I think this can be helped by training the system on *not*
just the sequence of steps, but by training it in a way that shows the *results* of the
each intermediate step (the text after "|-" in
set.mm and
iset.mm). This provides the
models with more information on the internal state, instead of having to figure it out.
4. Starting with existing models is probably the better step forward.
Instead of starting from scratch, I'd start with a pre-trained model.
Those seem to have worked out broader concepts of locality that make results
more likely to be good.
5. Supporting tool use might be helpful.
It might be helpful to have pre-created "tools" that automatically prove common cases.
One of the more remarkable capabilities of GPT-4 & friends is that they can invoke
*other* tools. Just like tool use by humans, tool use by LLMs makes them able to handle
far more complex problems than they could otherwise. Being able to invoke something
that can generate solutions for tasks it would otherwise struggle with (like a SAT solver
or numeric calculation proof) might make hard tasks trivial.
5. In the long run this may be completely doable on a single computer or even phone.
There are also many efforts to create open models that can be used for any purpose
(OpenAI doesn't create any open models, its name is rather misleading).

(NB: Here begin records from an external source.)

lemma mult_dpow: "X * dpow phi X n = smul (qint (int n + 1)) (dpow phi X (Suc n))"
proof -
  have "qint (int n + 1) * inverse (qfact (Suc n)) = inverse (qfact n)"
    using qint_nonzero[of "int n + 1"] by (simp add: qfact_Suc field_simps add.commute)
  then show ?thesis by (simp add: dpow_smul)
qed

abbreviation dE :: "nat \<Rightarrow> 'a" where "dE \<equiv> dpow phi Ech"
abbreviation dF :: "nat \<Rightarrow> 'a" where "dF \<equiv> dpow phi F"

lemma Ki_dE: "Ki * dE n = smul (qpow (- 2 * int n)) (dE n * Ki)"
proof -
  have "Ki * Ech ^ n = smul (qpow (- 2 * int n)) (Ech ^ n * Ki)"
  proof (induction n)
    case (Suc n)
    have "Ki * Ech ^ Suc n = smul (qpow (- 2 * int n) * qpow (- 2)) (Ech ^ Suc n * Ki)"
      by (simp only: power_Suc2 mult.assoc[symmetric] Suc smul_mult_left)
        (simp add: mult.assoc Ki_Echeck)
    then show ?case by (simp add: qpow_add[symmetric] algebra_simps)
  qed simp
  then show ?thesis by (simp add: dpow_smul mult.commute)
qed

lemma F_Echeck_power:
  "F * Ech ^ Suc n = smul (qpow (- 2 * int (Suc n))) (Ech ^ Suc n * F)
     - smul (qint (int (Suc n)) / qdelta)
         (Ech ^ n * (smul (qpow (- int (Suc n))) 1 - smul (qpow (2 - 3 * int (Suc n))) (Ki * Ki)))"
proof (induction n)
  case 0
  show ?case by (simp add: F_Echeck smul_diff)
next
  case (Suc n)
  define \<alpha> where "\<alpha> = qpow (- 2 - 2 * int n) * qpow (- 2)"
  define \<beta> where "\<beta> = qpow (- 2 - 2 * int n) * qpow (- 1) / qdelta + qint (1 + int n) * qpow (- 1 - int n) / qdelta"
  define \<gamma> where "\<gamma> = qpow (- 2 - 2 * int n) * qpow (- 1) / qdelta
    + qint (1 + int n) * (qpow (- 1 - 3 * int n) * qpow (- 4)) / qdelta"
  have pc: "x ^ k * (x * y) = x * (x ^ k * y)" "x ^ k * x = x * x ^ k" for x y :: 'a and k
    by (simp_all add: mult.assoc[symmetric] power_commutes)
  have "F * Ech ^ Suc (Suc n) = (F * Ech ^ Suc n) * Ech" by (simp only: power_Suc2 mult.assoc)
  also have "\<dots> = smul \<alpha> (Ech * (Ech ^ n * (Ech * F))) - smul \<beta> (Ech * Ech ^ n)
      + smul \<gamma> (Ech * (Ech ^ n * (Ki * Ki)))"
    apply (simp only: Suc.IH left_diff_distrib smul_mult_left mult.assoc smul_diff smul_mult_right)
    apply (simp add: F_Echeck Ki2_Echeck[simplified mult.assoc] smul_diff right_diff_distrib
        mult.assoc pc \<alpha>_def \<beta>_def \<gamma>_def add_divide_distrib smul_add_left)
    done
  also have "\<alpha> = qpow (- 2 * int (Suc (Suc n)))"
    unfolding \<alpha>_def by (simp add: qpow_add[symmetric] algebra_simps)
  also have "\<beta> = qint (int (Suc (Suc n))) / qdelta * qpow (- int (Suc (Suc n)))"
    unfolding \<beta>_def
    by ((simp add: qint_qpow field_simps)?; (simp add: qdelta_qpow qpow_split)?;
        (simp add: field_simps)?; algebra?)
  also have "\<gamma> = qint (int (Suc (Suc n))) / qdelta * qpow (2 - 3 * int (Suc (Suc n)))"
    unfolding \<gamma>_def
    by ((simp add: qint_qpow field_simps)?; (simp add: qdelta_qpow qpow_split)?;
        (simp add: field_simps)?; algebra?)
  finally show ?case
    by (simp add: smul_diff right_diff_distrib mult.assoc pc)
qed

lemma F_dE:
  "F * dE a = smul (qpow (- 2 * int a)) (dE a * F)
     - smul (if a = 0 then 0 else 1 / qdelta)
         (dE (a - 1) * (smul (qpow (- int a)) 1 - smul (qpow (2 - 3 * int a)) (Ki * Ki)))"
proof (cases a)
  case (Suc n)
  have "inverse (qfact (Suc n)) * (qint (int (Suc n)) / qdelta) = 1 / qdelta * inverse (qfact n)"
    using qint_nonzero[of "int (Suc n)"] by (simp add: qfact_Suc field_simps)
  with Suc show ?thesis
    by (simp only: dpow_smul smul_mult_right F_Echeck_power smul_diff smul_smul smul_mult_left)
      (simp add: mult.commute)
qed simp

abbreviation hb :: "int \<Rightarrow> nat \<Rightarrow> 'a" where "hb \<equiv> hbin phi Ki"

lemma hbin_Suc:
  "hb \<mu> (Suc c) = hb \<mu> c * smul (inverse (qpow (4 * int c + 4) - 1))
     (smul (qpow (4 * \<mu> + 4 * int c)) (Ki * Ki) - smul (qpow 2) 1)"
proof -
  have "qq ^ (4 * Suc c) = qpow (4 * int c + 4)"
    by (simp add: qpow_of_nat[symmetric] algebra_simps)
  then show ?thesis
    unfolding hbin.simps(2) smul_def by (simp add: qpow_def power2_eq_square)
qed

declare hbin.simps(2) [simp del]

lemma Ki_hbin: "Ki * hb \<mu> c = hb \<mu> c * Ki"
proof (induction c)
  case (Suc c)
  then show ?case
    by (simp add: hbin_Suc mult.assoc[symmetric])
      (simp add: mult.assoc right_diff_distrib left_diff_distrib smul_diff)
qed simp

lemma Ki2_hbin: "Ki * Ki * hb \<mu> c = hb \<mu> c * (Ki * Ki)"
  by (simp add: mult.assoc Ki_hbin) (simp add: mult.assoc[symmetric] Ki_hbin)

lemma Ki2_hbin_Kpow: "Ki * Ki * hb \<mu> c * KP e = hb \<mu> c * KP (e - 2)"
proof -
  have "Ki * Ki * hb \<mu> c * KP e = hb \<mu> c * (Ki * Ki * KP e)"
    by (simp add: Ki2_hbin mult.assoc[symmetric])
  then show ?thesis by (simp add: Ki2_Kpow)
qed

lemma F_hbin: "F * hb \<mu> c = hb (\<mu> - 1) c * F"
proof (induction c)
  case (Suc c)
  have e: "qpow (4 * \<mu> + 4 * int c) * qpow (- 4) = qpow (4 * (\<mu> - 1) + 4 * int c)"
    by (simp add: qpow_add[symmetric] algebra_simps)
  show ?case
    by (simp add: hbin_Suc mult.assoc[symmetric] Suc)
      (simp add: mult.assoc right_diff_distrib left_diff_distrib smul_diff F_Ki2 e)
qed simp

Really, there's a *lot* of work just *starting* to make these models train and/or run on
single (disconnected) systems instead of servers. Historically, making things work at *all* usually
comes first; once something works, others take steps to make them more efficient/cheaper.
The same is true here. There are lots of discussions about this, e.g.:
https://news.ycombinator.com/item?id=35141531
https://news.ycombinator.com/item?id=35184985
https://www.databricks.com/blog/2023/03/24/hello-dolly-democratizing-magic-chatgpt-open-models.html
I *am* concerned problems of AI safety and especially AI alignment.
In the short term, we're going to be overwhelmed by spam & propaganda, making truth
about the world even harder to determine.
In the long term, I worry about AI alignment; universal paperclip is now a plausible long-term scenario.
However, I see no issue in creating tools to generate proofs that are then
separately verified, so I'd love to see that.